- North American cover art
- Developer(s): Universomo
- Publisher(s): THQ
- Director(s): Sami Hangaslammi
- Producer(s): Mikko Karvonen
- Platform(s): Nintendo DS
- Release: NA: April 20, 2010; EU: June 11, 2010; AU: 2010;
- Genre(s): Rhythm
- Mode(s): Single-player, multiplayer

= Beat City =

2010 video game

Beat City is a 2010 rhythm video game developed by Universomo and published by THQ for the Nintendo DS. It was released on April 20, 2010, in North America, and in Europe on June 11, 2010. It was the first and only video game to be developed for a handheld system by Universomo, who mostly worked on mobile games and was shuttered a month before the game's release.

== Production ==
Production on the game took place in mid-to-late 2009 and early 2010. It was confirmed for a release in April 2010 on January 12, 2010.

== Plot ==
The game stars a resident of Beat City who loves music named Synchronizer. He meets a purple alien whale named Groovy Whale who gives him the ability to control music and implants a giant speaker in his head. His hometown is being taken over by an evil music-hating organization called the Cacophony, led by failed opera singer Dame Isolde Minor. With the help of Groovy Whale and his love interest, a girl he meets later named Beatrice, he must bring life, color, and happiness back to the city and start a "rhythm revolution," while also helping Groovy Whale get back to his home planet.

== Gameplay ==
The game is played with the DS turned sideways, similarly to Rhythm Heaven on the same platform, with the action taking place on one screen, while the player must use the stylus on the other.

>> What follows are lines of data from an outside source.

theorem corollary4p2:
  fixes V :: "'a set" and adj :: "'a \<Rightarrow> 'a \<Rightarrow> bool"
  assumes "simple_graph V adj"
    and "\<exists>D\<in>IR_sets V adj. \<not> independent adj D"
    and "connected_graph (IR_sets V adj) (IR_graph_adj V adj)"
  shows "has_induced_C4 (IR_sets V adj) (IR_graph_adj V adj)
         \<or> diam (IR_sets V adj) (IR_graph_adj V adj) \<ge> 3"
proof -
  obtain X x y where X: "X \<in> IR_sets V adj" and "x \<in> X" "y \<in> X" "adj x y"
    using assms(2) unfolding independent_def by blast
  have "x \<noteq> y" "adj y x"
    using \<open>adj x y\<close> simple_graph_irreflp[OF assms(1)] simple_graph_symp[OF assms(1)]
    by (auto dest: irreflpD sympD)
  show ?thesis
  proof (cases "\<exists>v\<in>X - {x, y}. \<exists>w\<in>X. adj w v")
    case True
    then obtain v where v: "v \<in> X - {x, y}" "\<exists>w\<in>X. adj w v" by blast
    have "card {x, y, v} \<le> diam (IR_sets V adj) (IR_graph_adj V adj)"
      by (rule card_non_isolated_le_diam_IR_graph[OF assms(1,3) X])
        (use \<open>x \<in> X\<close> \<open>y \<in> X\<close> \<open>adj x y\<close> \<open>adj y x\<close> v in auto)
    moreover have "card {x, y, v} = 3"
      using \<open>x \<noteq> y\<close> v(1) by auto
    ultimately show ?thesis
      by simp
  next
    case False
    then show ?thesis
      using IR_graph_has_induced_C4[OF assms(1) X \<open>x \<in> X\<close> \<open>y \<in> X\<close> \<open>adj x y\<close>] by blast
  qed
qed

The player proceeds through several different stages, each with its own set of rules. In most of the games the player plays as Synchronizer, but there are a few that feature other characters. There are three controls: tap, swipe (also known as flicking), and hold. Each stage begins with a tutorial where the stage is black and the player must figure out what to do. As you play through a stage, it will get increasingly more colorful and upbeat the better you do. Depending on the player's progress, you can build a set of stairs at the end of every day to help get Groovy Whale get closer to his home planet. Each stage measures your quality based on a percentage, and if you get an 80% or higher you can unlock a character in the "Beat Album," a short profile of the characters featured in the game.

== Reception ==
The game received mixed to positive reviews from critics and players. Some people called it "bland" and "pointless," and others criticized it for being short or for being "a ripoff of" Rhythm Heaven, whereas others praised it for having a unique plot and characters. One critic said that "(its) delightful presentation and super catchy chiptune soundtrack will get your toes tapping and your head banging in no time." One source said that "if you love Rhythm Heaven, you'll love Beat City. Simple as that." NintendoWorldReport gave it an average rating of 7.5/10.